Is naturalist or humanist spirituality an oxymoron?
Tom Flynn seems to think so. And since he happens to be the new director of the Council for Secular Humanism, his opinion is of some moment.
[Christopher] Orlet seems to find sincere, full-bore irreligiosity – the absence of any sense of a supra-natural aspect to life – almost incomprehensible, something there’s barely even a label for. Actually there are a couple of perfectly good labels for people who abstain from religion and spirituality. I’ve used one already: “scientific naturalist.” For another, I look no farther than my business card: “secular humanist.”
The way I read this passage, it seems he is equating “full-bore irreligiosity” with “[abstention] from religion and spirituality,” thereby suggesting spirituality is necessarily religious, or at least supernaturalistic.

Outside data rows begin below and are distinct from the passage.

lemma max_t_ideal_exists:
  assumes R: "subring R" and P: "is_ideal R P" "P \<noteq> {0}" "1 \<notin> t_op R P"
  obtains M where "max_t_ideal R M" "P \<subseteq> M"
proof -
  have chain: "1 \<notin> t_op R (\<Union>C)"
    if C: "C \<noteq> {}" "\<forall>Q\<in>C. is_ideal R Q \<and> 1 \<notin> t_op R Q" and ch: "\<forall>X\<in>C. \<forall>Y\<in>C. X \<subseteq> Y \<or> Y \<subseteq> X"
    for C
  proof
    assume "1 \<in> t_op R (\<Union>C)"
    then obtain G where G: "finite G" "gen R G \<subseteq> \<Union>C" "gen R G \<noteq> {0}" "1 \<in> v_op R (gen R G)"
      by (rule t_opE)
    have "G \<subseteq> \<Union>C" using G(2) gen_base[OF subringD(2)[OF R], of G] by blast
    then obtain Q where Q: "Q \<in> C" "G \<subseteq> Q" using chain_finite_subset[OF G(1) _ C(1) ch] by blast
    have "gen R G \<subseteq> Q" by (rule gen_least) (use Q C(2) in \<open>auto simp: is_ideal_def\<close>)
    then have "v_op R (gen R G) \<subseteq> t_op R Q"
      using t_op_intro G(1,3) unfolding fin_gen_def by blast
    then show False using G(4) Q(1) C(2) by blast
  qed
  obtain M where M: "is_ideal R M" "P \<subseteq> M" "1 \<notin> t_op R M"
      "\<And>Q. is_ideal R Q \<Longrightarrow> M \<subseteq> Q \<Longrightarrow> 1 \<notin> t_op R Q \<Longrightarrow> Q = M"
    by (rule ideal_Zorn[of R P "\<lambda>Q. 1 \<notin> t_op R Q", OF P(1,3) chain]) blast+
  have "M \<noteq> {0}" using M(2) P(2) ideal_zero[OF P(1)] by blast
  then have "max_t_ideal R M" using maximal_t_proper_is_max_t[OF R M(1) _ M(3,4)] by blast
  then show ?thesis using that M(2) by blast
qed

section \<open>Polynomials of N^{v_R} and the w-operation\<close>

lemma max_t_ideal_zero: "max_t_ideal R M \<Longrightarrow> 0 \<in> M"
  unfolding max_t_ideal_def t_ideal_def by (blast intro: ideal_zero)
(* Let $\mathcal{R}=\mathbb{C}[\xi_0,\xi_1,\xi_2,\xi_3]$. The sequence of $\mathcal{R}$-modules $\mathcal{R}^3\xleftarrow{D_0(\xi)^t}\mathcal{R}^4\xleftarrow{D_1(\xi)^t}\mathcal{R}^1$ is exact, i.e. $\ker D_0(\xi)^t=\operatorname{Im}D_1(\xi)^t$ in $\mathcal{R}^4$.
   Context: The polynomial matrices are $D_0(\xi)^t=\frac1i\begin{pmatrix}-(\xi_2+i\xi_3)&\xi_0-i\xi_1&0&0\\-(\xi_0+i\xi_1)&-(\xi_2-i\xi_3)&-(\xi_2+i\xi_3)&\xi_0-i\xi_1\\0&0&-(\xi_0+i\xi_1)&-(\xi_2-i\xi_3)\end{pmatrix}$, $D_1(\xi)^t=\frac1i\begin{pmatrix}-\xi_0+i\xi_1\\-\xi_2-i\xi_3\\\xi_2-i\xi_3\\-\xi_0-i\xi_1\end{pmatrix}$, acting on column vectors of polynomials by matrix multiplication (these are the transposed symbols of the 2-Cauchy–Fueter operators, $\partial_{x_j}\mapsto\frac1i\xi_j$). *)

theory Defs
  imports Complex_Main "HOL-Computational_Algebra.Polynomial"
begin

text \<open>The polynomial ring C[xi0,xi1,xi2,xi3], realised as iterated univariate
  polynomials: xi0 is the outermost variable, xi3 the innermost.\<close>

type_synonym R = "complex poly poly poly poly"

definition cst :: "complex \<Rightarrow> R" where
  "cst c = [:[:[:[:c:]:]:]:]"

definition xi0 :: R where "xi0 = [:0, 1:]"
definition xi1 :: R where "xi1 = [:[:0, 1:]:]"
definition xi2 :: R where "xi2 = [:[:[:0, 1:]:]:]"
definition xi3 :: R where "xi3 = [:[:[:[:0, 1:]:]:]:]"

definition D0t :: "R \<times> R \<times> R \<times> R \<Rightarrow> R \<times> R \<times> R" where
  "D0t v = (case v of (a, b, c, d) \<Rightarrow>
     (cst (1 / \<i>) * ( (- (xi2 + cst \<i> * xi3)) * a + (xi0 - cst \<i> * xi1) * b + 0 * c + 0 * d),
      cst (1 / \<i>) * ( (- (xi0 + cst \<i> * xi1)) * a + (- (xi2 - cst \<i> * xi3)) * b
                       + (- (xi2 + cst \<i> * xi3)) * c + (xi0 - cst \<i> * xi1) * d),
      cst (1 / \<i>) * ( 0 * a + 0 * b + (- (xi0 + cst \<i> * xi1)) * c + (- (xi2 - cst \<i> * xi3)) * d)))"

definition D1t :: "R \<Rightarrow> R \<times> R \<times> R \<times> R" where
  "D1t p = (cst (1 / \<i>) * ((- xi0 + cst \<i> * xi1) * p),
            cst (1 / \<i>) * ((- xi2 - cst \<i> * xi3) * p),
            cst (1 / \<i>) * ((xi2 - cst \<i> * xi3) * p),
            cst (1 / \<i>) * ((- xi0 - cst \<i> * xi1) * p))"

end

theory Submission
  imports Defs
begin

text \<open>Write the ring as \<open>S[\<xi>\<^sub>0]\<close> with \<open>S = \<complex>[\<xi>\<^sub>1,\<xi>\<^sub>2,\<xi>\<^sub>3]\<close>. Up to the unit \<open>\<i>\<close>, both maps
  are built from \<open>u = \<xi>\<^sub>0 - \<i>\<xi>\<^sub>1\<close> and \<open>u' = \<xi>\<^sub>0 + \<i>\<xi>\<^sub>1\<close>, which are monic linear in \<open>\<xi>\<^sub>0\<close>,
  and from \<open>w = \<xi>\<^sub>2 + \<i>\<xi>\<^sub>3\<close> and \<open>w' = \<xi>\<^sub>2 - \<i>\<xi>\<^sub>3\<close>, which are nonzero constants in \<open>\<xi>\<^sub>0\<close>.
  For a kernel vector \<open>(a,b,c,d)\<close>, the first equation \<open>w a = u b\<close> evaluated at the root
  of \<open>u\<close> gives \<open>u | a\<close>, hence \<open>(a,b) = (u p, w p)\<close>; likewise the third equation gives
  \<open>(c,d) = (-w' q, u' q)\<close>. The middle equation then reads \<open>(u u' + w w')(q - p) = 0\<close>,
  and \<open>u u' + w w'\<close> is nonzero because its value at the root of \<open>u\<close> is \<open>w w' \<noteq> 0\<close>.\<close>

lemma syzygy_const_monic_linear:
  fixes z W :: "'a::idom" and a b :: "'a poly"
  assumes "W \<noteq> 0" and "[:W:] * a = [:- z, 1:] * b"
  shows "\<exists>p. a = [:- z, 1:] * p \<and> b = [:W:] * p"
proof -
  have "W * poly a z = 0"
    using arg_cong[OF assms(2), of "\<lambda>f. poly f z"] by simp
  with assms(1) have "[:- z, 1:] dvd a"
    by (simp add: poly_eq_0_iff_dvd)
  then obtain p where a: "a = [:- z, 1:] * p" ..
  with assms(2) have "[:- z, 1:] * b = [:- z, 1:] * ([:W:] * p)"
    by (simp only: mult.left_commute)
  then have "b = [:W:] * p"
    by (metis mult_left_cancel pCons_eq_0_iff one_neq_zero)
  with a show ?thesis by blast
qed

lemma koszul_middle_exact:
  fixes z W V :: "'a::idom" and a b c d :: "'a poly"
  defines "u \<equiv> [:- z, 1:]" and "u' \<equiv> [:z, 1:]" and "w \<equiv> [:W:]" and "w' \<equiv> [:V:]"
  assumes "W \<noteq> 0" and "V \<noteq> 0"
    and first: "w * a = u * b"
    and second: "u' * a + w' * b + w * c = u * d"
    and third: "u' * c + w' * d = 0"
  shows "\<exists>p. a = u * p \<and> b = w * p \<and> c = - w' * p \<and> d = u' * p"
proof -
  obtain p where p: "a = u * p" "b = w * p"
    using syzygy_const_monic_linear[OF \<open>W \<noteq> 0\<close>] first unfolding u_def w_def by blast
  have "w' * d = u' * - c"
    using third by (simp add: add_eq_0_iff2 add.commute)
  moreover have "[:- (- z), 1:] = u'"
    unfolding u'_def by simp
  ultimately obtain q where q: "d = u' * q" "c = - w' * q"
    using syzygy_const_monic_linear[OF \<open>V \<noteq> 0\<close>, of d "- z" "- c"] unfolding w'_def
    by (metis minus_equation_iff mult_minus_left)
  have "(u * u' + w * w') * (q - p) = u * d - u' * a - w' * b - w * c"
    using p q by (simp add: algebra_simps)
  also have "\<dots> = 0"
    using second by (simp add: algebra_simps)
  finally have "(u * u' + w * w') * (q - p) = 0" .
  moreover have "poly (u * u' + w * w') z = W * V"
    unfolding u_def u'_def w_def w'_def by simp
  then have "u * u' + w * w' \<noteq> 0"
    using assms(5,6) by (metis mult_eq_0_iff poly_0)
  ultimately have "q = p"
    by simp
  with p q show ?thesis by blast
qed

definition xi01_minus :: R where "xi01_minus = xi0 - cst \<i> * xi1"
definition xi01_plus :: R where "xi01_plus = xi0 + cst \<i> * xi1"
definition xi23_plus :: R where "xi23_plus = xi2 + cst \<i> * xi3"
definition xi23_minus :: R where "xi23_minus = xi2 - cst \<i> * xi3"

lemma xi01_minus_pCons: "xi01_minus = [:- [:0, [:[:\<i>:]:]:], 1:]"
  by (simp add: xi01_minus_def xi0_def xi1_def cst_def)

lemma xi01_plus_pCons: "xi01_plus = [:[:0, [:[:\<i>:]:]:], 1:]"
  by (simp add: xi01_plus_def xi0_def xi1_def cst_def)

lemma xi23_plus_pCons: "xi23_plus = [:[:[:[:0, \<i>:], 1:]:]:]"
  by (simp add: xi23_plus_def xi2_def xi3_def cst_def)

lemma xi23_minus_pCons: "xi23_minus = [:[:[:[:0, - \<i>:], 1:]:]:]"
  by (simp add: xi23_minus_def xi2_def xi3_def cst_def)

lemma cst_mult: "cst a * cst b = cst (a * b)"
  by (simp add: cst_def)

lemma cst_1: "cst 1 = 1"
  by (simp add: cst_def one_pCons)

lemma cst_divide_i: "cst (1 / \<i>) = - cst \<i>"
  by (simp add: cst_def)

lemma D0t_eq:
  "D0t (a, b, c, d) =
     (cst \<i> * (xi23_plus * a - xi01_minus * b),
      cst \<i> * (xi01_plus * a + xi23_minus * b + xi23_plus * c - xi01_minus * d),
      cst \<i> * (xi01_plus * c + xi23_minus * d))"
  unfolding D0t_def xi01_minus_def xi01_plus_def xi23_plus_def xi23_minus_def cst_divide_i
  by (simp add: algebra_simps)

lemma D1t_eq:
  "D1t p = (xi01_minus * (cst \<i> * p), xi23_plus * (cst \<i> * p),
            - xi23_minus * (cst \<i> * p), xi01_plus * (cst \<i> * p))"
  unfolding D1t_def xi01_minus_def xi01_plus_def xi23_plus_def xi23_minus_def cst_divide_i
  by (simp add: algebra_simps)

lemma D0t_eq_0_iff:
  "D0t (a, b, c, d) = (0, 0, 0) \<longleftrightarrow>
     xi23_plus * a = xi01_minus * b \<and>
     xi01_plus * a + xi23_minus * b + xi23_plus * c = xi01_minus * d \<and>
     xi01_plus * c + xi23_minus * d = 0"
proof -
  have "cst \<i> \<noteq> 0"
    by (simp add: cst_def)
  then show ?thesis
    by (simp add: D0t_eq)
qed

lemma range_D1t:
  "range D1t = {(xi01_minus * q, xi23_plus * q, - xi23_minus * q, xi01_plus * q) | q. True}"
proof (intro equalityI subsetI)
  fix v
  assume "v \<in> {(xi01_minus * q, xi23_plus * q, - xi23_minus * q, xi01_plus * q) | q. True}"
  then obtain q where v: "v = (xi01_minus * q, xi23_plus * q, - xi23_minus * q, xi01_plus * q)"
    by blast
  have "cst \<i> * (cst (- \<i>) * q) = q"
    by (simp add: mult.assoc[symmetric] cst_mult cst_1)
  with v have "v = D1t (cst (- \<i>) * q)"
    by (simp only: D1t_eq)
  then show "v \<in> range D1t"
    by simp
qed (auto simp: D1t_eq)

theorem proposition3p3:
  shows "{v. D0t v = (0, 0, 0)} = range D1t"
proof -
  have "D0t (a, b, c, d) = (0, 0, 0) \<longleftrightarrow>
          (\<exists>q. a = xi01_minus * q \<and> b = xi23_plus * q \<and> c = - xi23_minus * q \<and> d = xi01_plus * q)"
    for a b c d
  proof
    assume "D0t (a, b, c, d) = (0, 0, 0)"
    then show "\<exists>q. a = xi01_minus * q \<and> b = xi23_plus * q \<and> c = - xi23_minus * q \<and> d = xi01_plus * q"
      unfolding D0t_eq_0_iff xi01_minus_pCons xi01_plus_pCons xi23_plus_pCons xi23_minus_pCons
      by (intro koszul_middle_exact) simp_all
  qed (auto simp: D0t_eq_0_iff algebra_simps)
  then show ?thesis
    by (auto simp: range_D1t)
qed

end
lemma chain_measure_AE_invariant:
  assumes M: "chain_measure p K M" and p: "set_pmf p \<subseteq> S"
    and K: "\<And>i q. q \<in> S \<Longrightarrow> set_pmf (K i q) \<subseteq> S"
  shows "AE r in M. \<forall>n. r n \<in> S"
proof -
  have "AE \<omega> in choice_space p K. \<forall>j. \<omega> j \<in> set_pmf (choice_pmf p K j)"
    unfolding AE_all_countable by (intro allI AE_choice_in_support)
  then have "AE \<omega> in choice_space p K. \<forall>n. chain_of_choices \<omega> n \<in> S"
  proof (rule AE_mp, intro AE_I2 impI allI)
    fix \<omega> n assume \<omega>: "\<forall>j. \<omega> j \<in> set_pmf (choice_pmf p K j)"
    show "chain_of_choices \<omega> n \<in> S"
    proof (induction n)
      case 0
      then show ?case using \<omega>[rule_format, of None] p by (auto simp: choice_pmf_def)
    next
      case (Suc n)
      then show ?case using \<omega>[rule_format, of "Some (n, chain_of_choices \<omega> n)"] K by (auto simp: choice_pmf_def)
    qed
  qed
  moreover have "{r \<in> space run_space. \<forall>n. r n \<in> S} \<in> sets run_space"
    unfolding run_space_def by measurable
  ultimately show ?thesis
    unfolding chain_measure_unique[OF M chain_measure_distr_choices]
    by (subst AE_distr_iff[OF measurable_chain_of_choices]) auto
qed

lemma AE_run_prob_in_states:
  "wf_pwa A \<Longrightarrow> AE r in run_prob A w. \<forall>n. r n \<in> states A"
  by (rule chain_measure_AE_invariant[OF chain_measure_run_prob]) (auto simp: wf_pwa_def)

subsection \<open>Limits of sequences with finitely many values\<close>

lemma le_limsup_finite_range_iff:
  fixes f :: "nat \<Rightarrow> ereal"
  assumes fin: "finite (range f)"
  shows "c \<le> limsup f \<longleftrightarrow> infinite {n. c \<le> f n}"
proof -
  have "c \<le> limsup f \<longleftrightarrow> (\<exists>\<^sub>F n in sequentially. c \<le> f n)"
  proof
    assume c: "c \<le> limsup f"
    show "\<exists>\<^sub>F n in sequentially. c \<le> f n"
    proof (rule ccontr)
      let ?V = "{v \<in> range f. v < c}"
      assume "\<not> (\<exists>\<^sub>F n in sequentially. c \<le> f n)"
      then have ev: "eventually (\<lambda>n. f n < c) sequentially"
        by (simp add: not_frequently not_le)
      then have "?V \<noteq> {}"
        by (auto simp: eventually_sequentially)
      then have "Max ?V < c"
        using Max_in[of ?V] fin by auto
      moreover have "eventually (\<lambda>n. f n \<le> Max ?V) sequentially"
        using ev by eventually_elim (auto intro!: Max_ge fin)
      then have "limsup f \<le> Max ?V"
        by (rule Limsup_bounded)
      ultimately show False
        using c by simp
    qed
  next
    assume fr: "\<exists>\<^sub>F n in sequentially. c \<le> f n"
    show "c \<le> limsup f"
    proof (rule ccontr)
      assume "\<not> c \<le> limsup f"
      then have "\<forall>\<^sub>F n in sequentially. f n < c"
        by (intro Limsup_lessD) simp
      then have "\<not> (\<exists>\<^sub>F n in sequentially. c \<le> f n)"
        by (simp add: not_frequently not_le)
      then show False
        using fr by simp
    qed
  qed
  then show ?thesis
    by (simp add: frequently_cofinite[symmetric] cofinite_eq_sequentially)
qed

lemma le_liminf_finite_range_iff:
  fixes f :: "nat \<Rightarrow> ereal"
  assumes fin: "finite (range f)"
  shows "c \<le> liminf f \<longleftrightarrow> finite {n. \<not> c \<le> f n}"
proof -
  have "c \<le> liminf f \<longleftrightarrow> (\<forall>\<^sub>F n in sequentially. c \<le> f n)"
  proof
    let ?V = "{v \<in> range f. v < c}"
    assume c: "c \<le> liminf f"
    show "\<forall>\<^sub>F n in sequentially. c \<le> f n"
    proof (cases "?V = {}")
      case True
      then show ?thesis
        by (auto simp: not_less intro!: always_eventually)
    next
      case False
      then have "Max ?V < c"
        using Max_in[of ?V] fin by auto
      then have "\<forall>\<^sub>F n in sequentially. Max ?V < f n"
        using c le_Liminf_iff by blast
      then show ?thesis
      proof eventually_elim
        case (elim n)
        show ?case
        proof (rule ccontr)
          assume "\<not> c \<le> f n"
          then have "f n \<le> Max ?V"
            using fin by (intro Max_ge) auto
          then show False
            using elim by simp
        qed
      qed
    qed
  next
    assume "\<forall>\<^sub>F n in sequentially. c \<le> f n"
    then show "c \<le> liminf f"
      by (rule Liminf_bounded)
  qed
  then show ?thesis
    by (simp add: eventually_cofinite[symmetric] cofinite_eq_sequentially)
qed

lemma finite_range_ereal_of_rat:
  "(\<And>n. z n \<in> W) \<Longrightarrow> finite W \<Longrightarrow> finite (range (\<lambda>n. ereal (real_of_rat (z n))))"
  by (rule finite_subset[of _ "(\<lambda>q. ereal (real_of_rat q)) ` W"]) auto

lemma le_LimSupV_iff:
  "(\<And>n. z n \<in> W) \<Longrightarrow> finite W \<Longrightarrow> ereal \<eta> \<le> LimSupV z \<longleftrightarrow> infinite {n. \<eta> \<le> real_of_rat (z n)}"
  unfolding LimSupV_def by (subst le_limsup_finite_range_iff[OF finite_range_ereal_of_rat]) auto

lemma le_LimInfV_iff:
  "(\<And>n. z n \<in> W) \<Longrightarrow> finite W \<Longrightarrow> ereal \<eta> \<le> LimInfV z \<longleftrightarrow> finite {n. \<not> \<eta> \<le> real_of_rat (z n)}"
  unfolding LimInfV_def by (subst le_liminf_finite_range_iff[OF finite_range_ereal_of_rat]) auto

This is rather like the question of whether you can be a religious atheist. Both “religion” and “spirituality” are associated with supernaturalism, and yet both have their godless proponents who want to see the terms reclaimed – for example, Felix Adler (founder of the religion Ethical Culture) and André Comte-Sponville (author of The Little Atheist Book of Spirituality).
I disagree with the first quest. It seems quixotic to say the least, and I’m not sure the word “religion” is worth reclaiming even if it were possible – it has negative connotations even for many religious people. But I agree with the second.
Because “spirituality” seems like a truly useful collective term for one’s emotional, social, ethical, and even cognitive functioning as subjectively experienced. At the retreat on nontheism among Quakers this weekend, the most common description of spirituality was “connection” – feeling connected to other people and to the natural environment, along with being attentive to the present moment. I see nothing objectively mysterious or supernatural about any of these things, as mysterious as they might feel subjectively.
And yet – one should use the word sparingly.
To quote James Riemermann again, writing on a different but related subject, “the word feels so terribly imprecise, and I can almost always find better ways to express myself.” If you’re about to say “spiritual” but you really just mean “ethical” or “emotional,” why not be specific?